Fiji is a Java Virtual Machine packaged as a WebAssembly component. It exposes a public WIT contract (fiji:jvm/jvm@0.1.0) that lets a host load .class bytes, invoke Java methods, exchange typed values with Java objects, and tear the VM down — all without linking against JNI or shipping a native libjvm.

A real Java runtime executes the bytecode.

Works with your existing toolchain

Take the JARs and .class files you already have and run them on Fiji. Fiji is an additional deployment target for Java code, not a replacement ecosystem.

• Standard javac output runs unchanged. Compile with any JDK 21+ javac you already have.
• No Fiji compiler. No javac wrapper, no Fiji-aware build step.
• No annotations. No @FijiExport, no @FijiEntryPoint, none of that. Your source is unchanged.
• No bytecode rewriting. No agent, no instrumentation pass, no transformation of class files.
• No build plugin. No Maven plugin, no Gradle plugin. Use the plugins you already use.

If it builds on a normal JVM today and respects the boundaries in dist/CONSTRAINTS.md, it runs on Fiji tomorrow. Your existing Maven, Gradle, IDE, and CI pipelines work as-is.

One artifact. Every runtime.

Compile once with standard Java tooling. Deploy the same artifact across browser, server, edge, and embedded environments. No per-target build, no runtime-specific variant, no second toolchain.

Target	What runs
Browser	Same .wasm, transpiled for the browser via jco
Server	Same .wasm, run under standalone Wasmtime or any native component-model runtime
Edge	Same .wasm, on any Wasm-component-capable edge runtime
Embedded	Same .wasm, linked in-process via the Wasmtime crate (or any component-model implementation)

The same Java bytecode, the same component artifact, the same public WIT contract — across all four host categories. Tutorial 5 in the release tarball (05-same-artifact-several-runtimes/) demonstrates this end-to-end.

Why Fiji?

Most existing options for running Java in non-Java environments involve a tradeoff that loses something fundamental about Java:

• Compiling Java to a native binary (e.g. AOT image builds) loses the portability story — you get one binary per platform rather than one artifact that runs anywhere.
• Transpiling Java to Wasm directly loses semantic fidelity — reflection, dynamic class loading, and full classpath search rarely survive the translation cleanly.
• Embedding a native JVM via JNI loses the deployment story — the host must link against libjvm and ship platform-specific binaries.

Fiji's bet is different: keep a real JVM, package it as a WebAssembly component, and let the host talk to it through a typed WIT contract. The result is one artifact that runs in any component-capable host (wasmtime, jco, browsers via jco), preserves the semantics standard Java tooling already produces, and exchanges typed values with non-Java components without any JNI surface.

Pick Fiji when you want:

• Full Java semantics (real bytecode, real reflection) running in a component-capable host.
• A single artifact rather than per-platform native binaries.
• Typed cross-language interop with Rust, Python, or any other component-capable language — through a WIT contract, not JNI.

What works today

• Run Java workloads (any .class files compiled by a standard javac) inside a Wasm component runtime.
• Exchange typed values (primitives, strings, arrays, object references) between Java and the host via the public WIT.
• Compose Fiji with other Wasm components — give Java code access to non-Java capabilities through component-model interfaces rather than JNI.
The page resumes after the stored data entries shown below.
lemma walk_moves_exist:
  assumes "successively E (x # ws)" "set (x # ws) \<subseteq> S"
    and step: "\<And>x y. x \<in> S \<Longrightarrow> y \<in> S \<Longrightarrow> E x y \<Longrightarrow> \<exists>b \<in> D. nb x b = y"
  shows "\<exists>bs. set bs \<subseteq> D \<and> length bs = length ws \<and> visits nb x bs = set ws"
  using assms(1,2)
proof (induction ws arbitrary: x)
  case (Cons y ws)
  then obtain b where "b \<in> D" "nb x b = y" using step by force
  moreover obtain bs where "set bs \<subseteq> D" "length bs = length ws" "visits nb y bs = set ws"
    using Cons by force
  ultimately show ?case by (intro exI[of _ "b # bs"]) auto
qed simp

lemma component_code_exists:
  assumes "finite S" "\<And>x y. E x y \<Longrightarrow> E y x" "K \<in> S // (edges_on S E)\<^sup>*"
    and step: "\<And>x y. x \<in> S \<Longrightarrow> y \<in> S \<Longrightarrow> E x y \<Longrightarrow> \<exists>b \<in> D. nb x b = y"
  shows "\<exists>r bs. r \<in> S \<and> set bs \<subseteq> D \<and> length bs < 2 * card K \<and> insert r (visits nb r bs) = K"
proof -
  obtain r where r: "r \<in> S" "K = (edges_on S E)\<^sup>* `` {r}"
    using assms(3) by (auto simp: quotient_def)
  obtain ws where ws: "successively E (r # ws)" "set (r # ws) = K" "length ws \<le> 2 * (card K - 1)"
    using covering_walk_exists[of S E r, OF assms(1,2) r(1)] unfolding r(2) by blast
  have "K \<subseteq> S" unfolding r(2) using r(1) by (rule rtrancl_edges_on_subset)
  then have "set (r # ws) \<subseteq> S" using ws(2) by simp
  then obtain bs where "set bs \<subseteq> D" "length bs = length ws" "visits nb r bs = set ws"
    using walk_moves_exist[of E r ws S D nb, OF ws(1) _ step] by blast
  moreover have "card K > 0"
    using finite_subset[OF \<open>K \<subseteq> S\<close> assms(1)] ws(2) by (auto simp: card_gt_0_iff)
  ultimately show ?thesis using ws r(1) by (intro exI[of _ r] exI[of _ bs]) auto
qed

lemma set_code_exists:
  assumes fin: "finite S" and sym: "\<And>x y. E x y \<Longrightarrow> E y x"
    and step: "\<And>x y. x \<in> S \<Longrightarrow> y \<in> S \<Longrightarrow> E x y \<Longrightarrow> \<exists>b \<in> D. nb x b = y"
  shows "\<exists>rs is. length rs = card (S // (edges_on S E)\<^sup>*) \<and> count_list is Jump = length rs \<and>
           length is \<le> 2 * card S \<and> set rs \<subseteq> S \<and> set is \<subseteq> instrs D \<and> run nb x rs is = S"
proof -
  define P where "P = S // (edges_on S E)\<^sup>*"
  have equiv: "equiv S (Restr ((edges_on S E)\<^sup>*) S)"
    using sym by (rule equiv_rtrancl_edges_on)
  have "\<forall>K \<in> P. \<exists>c. fst c \<in> S \<and> set (snd c) \<subseteq> D \<and> length (snd c) < 2 * card K \<and>
            insert (fst c) (visits nb (fst c) (snd c)) = K"
    using component_code_exists[of S E _ D nb, OF fin sym _ step] by (simp add: P_def split_paired_Ex)
  from bchoice[OF this] obtain c where c: "\<forall>K \<in> P. fst (c K) \<in> S \<and> set (snd (c K)) \<subseteq> D \<and>
      length (snd (c K)) < 2 * card K \<and> insert (fst (c K)) (visits nb (fst (c K)) (snd (c K))) = K"
    ..
  have "finite P" unfolding P_def quotient_rtrancl_edges_on using fin
    by (rule finite_quotient) auto
  then obtain ks where ks: "set ks = P" "distinct ks" using finite_distinct_list by blast
  define cs where "cs = map c ks"
  have "length (walk_codes cs) = (\<Sum>K \<leftarrow> ks. Suc (length (snd (c K))))"
    by (simp add: length_walk_codes cs_def o_def split_def)
  also have "\<dots> \<le> (\<Sum>K \<leftarrow> ks. 2 * card K)"
    using c ks(1) by (intro sum_list_mono) (simp add: Suc_le_eq)
  also have "\<dots> = 2 * card S"
    using card_eq_sum_card_components[of S E, OF fin sym] ks
    by (simp add: sum_list_distinct_conv_sum_set P_def sum_distrib_left)
  finally have "length (walk_codes cs) \<le> 2 * card S" .
  moreover have "run nb x (map fst cs) (walk_codes cs) = (\<Union>K \<in> P. K)"
    unfolding run_walk_codes cs_def set_map image_comp ks(1)
    by (rule SUP_cong) (simp_all add: c split_def)
  moreover have "(\<Union>K \<in> P. K) = S"
    using Union_quotient[OF equiv] by (simp add: P_def quotient_rtrancl_edges_on)
  moreover have "length (map fst cs) = card P"
    using distinct_card[OF ks(2)] ks(1) by (simp add: cs_def)
  moreover have "set (map fst cs) \<subseteq> S"
    using c ks(1) by (auto simp: cs_def)
  moreover have "set (walk_codes cs) \<subseteq> instrs D"
    using c ks(1) by (intro set_walk_codes_subset) (auto simp: cs_def split_def)
  ultimately show ?thesis
    unfolding P_def by (metis count_Jump_walk_codes length_map)
qed

lemma card_sets_with_few_components:
  fixes V :: "'a set" and D :: "'b set"
  assumes fin: "finite V" "finite D" and "x0 \<in> V" and sym: "\<And>x y. E x y \<Longrightarrow> E y x"
    and step: "\<And>x y. x \<in> V \<Longrightarrow> y \<in> V \<Longrightarrow> E x y \<Longrightarrow> \<exists>b \<in> D. nb x b = y"
  shows "card {S. S \<subseteq> V \<and> card S = k \<and> card (S // (edges_on S E)\<^sup>*) \<le> L}
           \<le> card V ^ L * (card D + 2) ^ (2 * k)"
proof -
  define RS where "RS = {rs. set rs \<subseteq> V \<and> length rs = L}"
  define IS where "IS = {is. set is \<subseteq> instrs D \<and> length is = 2 * k}"
  have "{S. S \<subseteq> V \<and> card S = k \<and> card (S // (edges_on S E)\<^sup>*) \<le> L}
          \<subseteq> (\<lambda>(rs, is). run nb x0 rs is) ` (RS \<times> IS)"
  proof
    fix S assume "S \<in> {S. S \<subseteq> V \<and> card S = k \<and> card (S // (edges_on S E)\<^sup>*) \<le> L}"
    then have S: "S \<subseteq> V" "card S = k" "card (S // (edges_on S E)\<^sup>*) \<le> L" by auto
    have step_S: "\<exists>b \<in> D. nb x b = y" if "x \<in> S" "y \<in> S" "E x y" for x y
      using S(1) that step by blast
    obtain rs "is" where code: "length rs = card (S // (edges_on S E)\<^sup>*)"
        "count_list is Jump = length rs" "length is \<le> 2 * card S" "set rs \<subseteq> S"
        "set is \<subseteq> instrs D" "run nb x0 rs is = S"
      using set_code_exists[of S E D nb x0, OF finite_subset[OF S(1) fin(1)] sym step_S] by blast
    define rs' where "rs' = rs @ replicate (L - length rs) x0"
    define is' where "is' = is @ replicate (2 * k - length is) Skip"
    have "run nb x0 rs' is' = S"
      using code by (simp add: rs'_def is'_def run_append_Skips run_append_roots)
    moreover have "rs' \<in> RS" using code S \<open>x0 \<in> V\<close> by (auto simp: RS_def rs'_def)
    moreover have "is' \<in> IS" using code S(2) by (auto simp: IS_def is'_def instrs_def)
    ultimately show "S \<in> (\<lambda>(rs, is). run nb x0 rs is) ` (RS \<times> IS)" by force
  qed
  moreover have "finite RS" "finite IS"
    using fin by (simp_all add: RS_def IS_def finite_lists_length_eq finite_instrs)
  ultimately have "card {S. S \<subseteq> V \<and> card S = k \<and> card (S // (edges_on S E)\<^sup>*) \<le> L}
                     \<le> card ((\<lambda>(rs, is). run nb x0 rs is) ` (RS \<times> IS))"
    by (intro card_mono) auto
  also have "\<dots> \<le> card (RS \<times> IS)"
    using \<open>finite RS\<close> \<open>finite IS\<close> by (intro card_image_le) auto
  also have "\<dots> = card V ^ L * (card D + 2) ^ (2 * k)"
    using fin by (simp add: RS_def IS_def card_cartesian_product card_lists_length_eq
        finite_instrs card_instrs)
  finally show ?thesis .
qed

(* A direction entry c \<in> {0, 1, 2} moves the coordinate by c - 1 modulo N. *)
definition torus_step :: "nat \<Rightarrow> nat list \<Rightarrow> nat list \<Rightarrow> nat list" where
  "torus_step N x e = map2 (\<lambda>a c. (a + c + N - 1) mod N) x e"

definition torus_directions :: "nat \<Rightarrow> nat list set" where
  "torus_directions d = {e. set e \<subseteq> {..<3} \<and> length e = d}"

lemma cyc_dist_le_1_step:
  assumes "a < N" "b < N" "cyc_dist N a b \<le> 1"
  shows "\<exists>c < 3. (a + c + N - 1) mod N = b"
proof (cases "a \<le> b")
  case True
  then have "b - a \<le> 1 \<or> N - (b - a) \<le> 1"
    using assms(3) by (simp add: cyc_dist_def min_le_iff_disj)
  then have "b = a \<or> b = a + 1 \<or> (a = 0 \<and> b = N - 1)"
    using True assms(2) by (elim disjE) linarith+
  then show ?thesis
  proof (elim disjE conjE)
    assume "b = a"
    then show ?thesis using assms by (intro exI[of _ 1]) simp
  next
    assume "b = a + 1"
    then show ?thesis using assms by (intro exI[of _ 2]) (simp add: mod_if)
  next
    assume "a = 0" "b = N - 1"
    then show ?thesis using assms by (intro exI[of _ 0]) simp
  qed
next
  case False
  then have "a - b \<le> 1 \<or> N - (a - b) \<le> 1"
    using assms(3) by (simp add: cyc_dist_def min_le_iff_disj)
  then have "a = b + 1 \<or> (b = 0 \<and> a = N - 1)"
    using False assms(1) by (elim disjE) linarith+
  then show ?thesis
  proof (elim disjE conjE)
    assume "a = b + 1"
    then show ?thesis using assms by (intro exI[of _ 0]) simp
  next
    assume "b = 0" "a = N - 1"
    then show ?thesis using assms by (intro exI[of _ 2]) simp
  qed
qed

lemma cyc_dist_commute: "cyc_dist N a b = cyc_dist N b a"
  by (auto simp: cyc_dist_def)

lemma star_adj_sym: "star_adj N d x y \<Longrightarrow> star_adj N d y x"
  by (auto simp: star_adj_def cyc_dist_commute)

lemma star_adj_torus_step:
  assumes "x \<in> torus N d" "y \<in> torus N d" "star_adj N d x y"
  shows "\<exists>e \<in> torus_directions d. torus_step N x e = y"
proof -
  have "\<forall>i<d. \<exists>c<3. (x ! i + c + N - 1) mod N = y ! i"
    using assms cyc_dist_le_1_step by (auto simp: torus_def star_adj_def)
  then obtain f where f: "\<And>i. i < d \<Longrightarrow> f i < 3 \<and> (x ! i + f i + N - 1) mod N = y ! i"
    by metis
  show ?thesis
    using f assms(1,2)
    by (intro bexI[of _ "map f [0..<d]"])
       (auto simp: torus_step_def torus_directions_def torus_def intro!: nth_equalityI)
qed

lemma torus_eq_lists: "torus N d = {xs. set xs \<subseteq> {..<N} \<and> length xs = d}"
  by (auto simp: torus_def in_set_conv_nth) (meson lessThan_iff nth_mem subsetD)

lemma finite_torus: "finite (torus N d)"
  by (simp add: torus_eq_lists finite_lists_length_eq)

lemma card_torus: "card (torus N d) = N ^ d"
  by (simp add: torus_eq_lists card_lists_length_eq)

lemma finite_torus_directions: "finite (torus_directions d)"
  by (simp add: torus_directions_def finite_lists_length_eq)

lemma card_torus_directions: "card (torus_directions d) = 3 ^ d"
  by (simp add: torus_directions_def card_lists_length_eq)

lemma card_torus_sets_with_few_components:
  assumes "N \<ge> 1"
  shows "card {S. S \<subseteq> torus N d \<and> card S = k \<and> card (star_components N d S) \<le> L}
           \<le> (N ^ d) ^ L * (3 ^ d + 2) ^ (2 * k)"
proof -
  have "replicate d 0 \<in> torus N d" using assms by (simp add: torus_def)
  from card_sets_with_few_components[where V = "torus N d" and D = "torus_directions d"
      and E = "star_adj N d" and nb = "torus_step N",
      OF finite_torus finite_torus_directions this star_adj_sym star_adj_torus_step]
  show ?thesis
    by (simp add: star_components_def edges_on_def card_torus card_torus_directions)
qed

lemma power_nat_floor_div_ln_le:
  fixes x t :: real
  assumes "1 < x" "0 \<le> t"
  shows "x ^ nat \<lfloor>t / ln x\<rfloor> \<le> exp t"
proof -
  define m where "m = nat \<lfloor>t / ln x\<rfloor>"
  have "real m * ln x \<le> t"
    using assms by (simp add: m_def pos_le_divide_eq[symmetric] ln_gt_zero)
  have "x ^ m = exp (real m * ln x)"
    using assms by (simp add: exp_of_nat_mult)
  also have "\<dots> \<le> exp t" using \<open>real m * ln x \<le> t\<close> by simp
  finally show ?thesis unfolding m_def .
qed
The release ships an end-to-end verification path that any consumer can run against their installation.

Install

The fastest way to install Fiji and its required Wasmtime runtime:

curl -fsSL https://fiji.dev/install.sh | sh

The installer detects whether a supported Wasmtime is already on your PATH and only installs one if needed. If you'd rather manage WebAssembly runtimes yourself, install Wasmtime (wasmtime.dev) directly — Fiji works with any installation method that puts wasmtime on PATH at a supported version.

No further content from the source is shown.